She clutched at reality. Dragged it into her head.
It wasn’t Sho. It couldn’t be. In the dim light of the tent she saw that it was
almost
Sho – but not quite. The man seated cross-legged on the ground in front of her possessed the exact shape of Sho’s head and
jaw, the arch of his brow, the same almond eyes and full, prominent lips. But now that she was close she could see that this
man was older, his hair threaded with silver. A pair of deep lines scored the skin between his nose and mouth. The set of
his shoulders was stiff inside his military uniform, the swell of his chest full of self-regard. This was a proud man, the
man Sho might have become. Had he lived.
‘This is Constance Hadley,’ Fitz announced in a flat voice.
Fitz, don’t.
Connie couldn’t look at him. ‘This is General Takehashi,’ he continued. ‘Father of Shohei Takehashi.’
There was a pause, so slight it was barely perceptible, but Connie knew Fitz. It was the pause he made when he was angry.

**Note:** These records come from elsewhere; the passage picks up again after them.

lemma homotopic_polypath_two_regions:
  assumes qs: "region_chain qs" "qs \<noteq> []" and xy: "adjacent x y" "x \<noteq> y"
    and regions: "\<forall>z\<in>set qs. region_of z = x \<or> region_of z = y"
    and ends: "region_of (hd qs) = x" "region_of (last qs) = x"
  shows "homotopic_paths Dom (polypath qs) (linepath (hd qs) (last qs))"
proof -
  have ends_Dom: "hd qs \<in> Dom" "last qs \<in> Dom" using qs unfolding region_chain_def by auto
  have adj_ends: "adjacent (region_of (hd qs)) (region_of (last qs))" using ends
    by (simp add: adjacent_def)
  from xy obtain k where k: "(x = Gap k \<and> (y = Lhp \<or> y = Rhp)) \<or> (y = Gap k \<and> (x = Lhp \<or> x = Rhp))"
    unfolding adjacent_def by blast
  have hd_last: "hd qs \<in> set qs" "last qs \<in> set qs" using qs(2) by auto
  show ?thesis
  proof (cases "x = Lhp \<or> y = Lhp")
    case True
    then have re: "\<forall>z\<in>set qs. Re z \<le> 0" using regions k
      by (metis order_less_imp_le region_of_eq_Lhp region_of_eq_Gap order_refl region.distinct)
    have "closed_segment (hd qs) (last qs) \<subseteq> left_Dom"
      using closed_segment_subset_left_Dom[OF ends_Dom adj_ends] re hd_last by simp
    then show ?thesis
      using homotopic_polypath_linepath[of left_Dom qs] region_chain_segments_in_left[OF qs(1) re]
        qs(2) starlike_left_Dom left_Dom_subset by simp
  next
    case False
    then have re: "\<forall>z\<in>set qs. Re z \<ge> 0" using regions k
      by (metis order_less_imp_le region_of_eq_Rhp region_of_eq_Gap order_refl)
    have "closed_segment (hd qs) (last qs) \<subseteq> right_Dom"
      using closed_segment_subset_right_Dom[OF ends_Dom adj_ends] re hd_last by simp
    then show ?thesis
      using homotopic_polypath_linepath[of right_Dom qs] region_chain_segments_in_right[OF qs(1) re]
        qs(2) starlike_right_Dom right_Dom_subset by simp
  qed
qed

lemma region_chain_reduce:
  assumes "region_chain ps" "ps \<noteq> []" "foldl push_reduce [] (map region_of ps) = [Gap b, X, Gap a]"
  shows "\<exists>ps'. region_chain ps' \<and> ps' \<noteq> [] \<and> hd ps' = hd ps \<and> last ps' = last ps \<and>
     set (map region_of ps') \<subseteq> {Gap a, X, Gap b} \<and> homotopic_paths Dom (polypath ps) (polypath ps')"
  using assms
proof (induction "length ps" arbitrary: ps rule: less_induct)
  case less
  obtain s w where sw: "map region_of ps = s # w" using less(3) by (cases ps) auto
  have fw: "foldl push_reduce [s] w = [Gap b, X, Gap a]" using less(4) sw by simp
  show ?case
  proof (cases "has_backtrack (map region_of ps)")
    case False
    then have "set (map region_of ps) \<subseteq> {Gap a, X, Gap b}" using has_backtrack_or_subset[OF fw] sw
      by auto
    moreover have "homotopic_paths Dom (polypath ps) (polypath ps)"
      using path_image_polypath[OF region_chain_segments_in[OF less(2)] less(3)]
        path_polypath[OF less(3)] by (simp add: homotopic_paths_refl)
    ultimately show ?thesis using less(2,3) by blast
  next
    case True
    then obtain u x y m v where bt: "map region_of ps = u @ [x] @ replicate (Suc m) y @ [x] @ v"
      "x \<noteq> y"
      unfolding has_backtrack_def by blast
    then obtain pu R1 where R1: "ps = pu @ R1" "map region_of pu = u"
      "map region_of R1 = [x] @ replicate (Suc m) y @ [x] @ v"
      by (metis map_eq_append_conv)
    then obtain p R2 where R2: "R1 = p # R2" "region_of p = x"
      "map region_of R2 = replicate (Suc m) y @ [x] @ v"
      by (metis append_Cons append_Nil map_eq_Cons_conv)
    then obtain pm R3 where R3: "R2 = pm @ R3" "map region_of pm = replicate (Suc m) y"
      "map region_of R3 = [x] @ v"
      by (metis map_eq_append_conv)
    then obtain q pv where R4: "R3 = q # pv" "region_of q = x" "map region_of pv = v"
      by (metis append_Cons append_Nil map_eq_Cons_conv)
    have ps: "ps = pu @ p # pm @ q # pv" using R1 R2 R3 R4 by simp
    have pmne: "pm \<noteq> []" using R3 by auto
    have pmy: "\<forall>z\<in>set pm. region_of z = y" using R3(2)
      by (metis in_set_replicate imageI list.set_map)
    define ps' where "ps' = pu @ [p, q] @ pv"
    have vps: "region_chain (pu @ [p]) \<and> region_chain (p # pm @ [q]) \<and> region_chain (q # pv)"
      using less(2) unfolding ps
      by (metis append_Cons append_Nil append_assoc region_chain_appendD)
    have v': "region_chain ps'"
      using vps less(2) unfolding region_chain_def ps'_def ps
      by (auto simp: successively_append_iff successively_Cons adjacent_def R2(2) R4(2))
    have map': "map region_of ps' = u @ [x, x] @ v" using R1 R2 R4 by (simp add: ps'_def)
    have f': "foldl push_reduce [] (map region_of ps') = [Gap b, X, Gap a]"
      using less(4) bt foldl_push_reduce_remove_excursion[OF bt(2)[symmetric], of u m v] map'
        by simp
    have len: "length ps' < length ps" using pmne by (simp add: ps ps'_def)
    have hd': "hd ps' = hd ps" and last': "last ps' = last ps" by (cases pu; simp add: ps ps'_def)+
    have ne': "ps' \<noteq> []" by (simp add: ps'_def)
    obtain ps'' where ps'': "region_chain ps''" "ps'' \<noteq> []" "hd ps'' = hd ps'"
      "last ps'' = last ps'"
      "set (map region_of ps'') \<subseteq> {Gap a, X, Gap b}"
        "homotopic_paths Dom (polypath ps') (polypath ps'')"
      using less(1)[OF len v' ne' f'] by blast
    have adjxy: "adjacent x y"
      using vps pmne pmy R2(2) unfolding region_chain_def
        by (cases pm) (auto simp: successively_Cons)
    have sub: "homotopic_paths Dom (polypath (p # pm @ [q])) (linepath p q)"
      using homotopic_polypath_two_regions[of "p # pm @ [q]" x y] vps adjxy bt(2) pmy R2(2) R4(2)
        by auto
    have "homotopic_paths Dom (polypath ps) (polypath ps')"
      unfolding ps ps'_def
      using homotopic_polypath_replace[of Dom pu p pm q pv] sub
        region_chain_segments_in[OF less(2)] region_chain_segments_in[OF v']
      by (simp add: ps ps'_def)
    then have "homotopic_paths Dom (polypath ps) (polypath ps'')"
      using ps''(6) homotopic_paths_trans by blast
    then show ?thesis using ps'' hd' last' by auto
  qed
qed

section \<open>Elementary pieces\<close>

lemma floor_between:
  fixes s t :: real
  assumes "\<lfloor>s\<rfloor> < \<lfloor>t\<rfloor>" "t \<notin> \<int>"
  shows "s < of_int \<lfloor>t\<rfloor>" "of_int \<lfloor>t\<rfloor> < t"
proof -
  show "s < of_int \<lfloor>t\<rfloor>" using assms(1) by (meson floor_less_iff)
  show "of_int \<lfloor>t\<rfloor> < t" using floor_less_not_Ints[OF assms(2)] .
qed

lemma convex_axis_floor_eq:
  assumes "convex B" "B \<subseteq> Dom" "z \<in> B" "w \<in> B" "Re z = 0" "Re w = 0"
  shows "\<lfloor>Im z\<rfloor> = \<lfloor>Im w\<rfloor>"
proof (rule ccontr)
  assume ne: "\<lfloor>Im z\<rfloor> \<noteq> \<lfloor>Im w\<rfloor>"
  have main: "False" if "z' \<in> B" "w' \<in> B" "Re z' = 0" "Re w' = 0" "\<lfloor>Im z'\<rfloor> < \<lfloor>Im w'\<rfloor>" for z' w'
  proof -
    have "Im w' \<notin> \<int>" using that assms(2) by (auto simp: in_Dom_iff)
    define n where "n = real_of_int \<lfloor>Im w'\<rfloor>"
    have n: "Im z' < n" "n < Im w'" using floor_between[OF that(5) \<open>Im w' \<notin> \<int>\<close>]
      by (auto simp: n_def)
    define u where "u = (n - Im z') / (Im w' - Im z')"
    have u: "0 \<le> u" "u \<le> 1" using n by (auto simp: u_def divide_simps)
    define p where "p = (1 - u) *\<^sub>R z' + u *\<^sub>R w'"
    have "p \<in> B" using convexD[OF assms(1) that(1,2), of "1 - u" u] u by (simp add: p_def)
    moreover have "Re p = 0" using that by (simp add: p_def)
    moreover have "Im p = n"
    proof -
      have "Im p = Im z' + u * (Im w' - Im z')" by (simp add: p_def algebra_simps)
      also have "\<dots> = n" using n by (simp add: u_def)
      finally show ?thesis .
    qed
    ultimately show False using assms(2) by (auto simp: in_Dom_iff n_def)
  qed
  show False using ne main[of z w] main[of w z] assms by linarith
qed

definition opposite_sides :: "complex \<Rightarrow> complex \<Rightarrow> bool" where
  "opposite_sides z w \<longleftrightarrow> (Re z < 0 \<and> Re w > 0) \<or> (Re z > 0 \<and> Re w < 0)"

lemma convex_adjacent:
  assumes "convex B" "B \<subseteq> Dom" "z \<in> B" "w \<in> B" "\<not> opposite_sides z w"
  shows "adjacent (region_of z) (region_of w)"
proof (cases "Re z = 0 \<and> Re w = 0")
  case True
  then show ?thesis using convex_axis_floor_eq[OF assms(1-4)]
    by (simp add: adjacent_def region_of_def)
next
  case False
  then show ?thesis using assms(5) unfolding adjacent_def region_of_def opposite_sides_def by auto
qed

lemma connected_component_iRZ_floor_eq:
  assumes "connected_component iRZ a b"
  shows "\<lfloor>Im a\<rfloor> = \<lfloor>Im b\<rfloor>"
proof (rule ccontr)
  obtain T where T: "connected T" "T \<subseteq> iRZ" "a \<in> T" "b \<in> T"
    using assms unfolding connected_component_def by blast
  have cI: "connected (Im ` T)"
    using T(1) by (intro connected_continuous_image) (auto intro: continuous_intros)
  have main: False if "z \<in> T" "w \<in> T" "\<lfloor>Im z\<rfloor> < \<lfloor>Im w\<rfloor>" for z w
  proof -
    have "Im w \<notin> \<int>" using that T(2) by (auto simp: iRZ_def)
    note n = floor_between[OF that(3) this]
    have "of_int \<lfloor>Im w\<rfloor> \<in> Im ` T"
      using connected_contains_Icc[OF cI, of "Im z" "Im w"] that n by auto
    then obtain p where "p \<in> T" "Im p = of_int \<lfloor>Im w\<rfloor>" by auto
    then show False using T(2) by (auto simp: iRZ_def)
  qed
  assume "\<lfloor>Im a\<rfloor> \<noteq> \<lfloor>Im b\<rfloor>"
  then show False using main[of a b] main[of b a] T by linarith
qed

‘It is a great honour to me,’ he said, ‘that General Takehashi is my adoptive father, as Shohei Takehashi was my beloved adoptive
brother.’
A black pit opened up in front of Connie. She tumbled into it head first
. My adoptive brother.
She had killed someone Fitz loved.
She gazed straight at him. ‘You knew,’ she said. ‘All the time you knew.’
‘Yes.’
‘Why didn’t you tell me?’
He turned abruptly to General Takehashi and spoke to him in Japanese before addressing her again.
‘The General wishes to know exactly what happened to his son.’
Connie studied the features that were Shohei’s, yet not Shohei’s. She was still on her knees, and slowly she bowed forward
until her forehead rested on the damp earth. At this moment her heart ached for the father she had robbed.
‘A thousand apologies, General Takehashi,’ she said solemnly. ‘My heart is full because of the wrong I did to you and to your
son, Shohei Takehashi.’ She raised her head a fraction but kept it bowed. ‘I have suffered ten thousand regrets, but none
of them can bring him back. Shohei’s death was an accident – on my life, I tell you the truth.’ She touched her bound hands
to her heart.
‘What kind of accident?’ Fitz demanded harshly.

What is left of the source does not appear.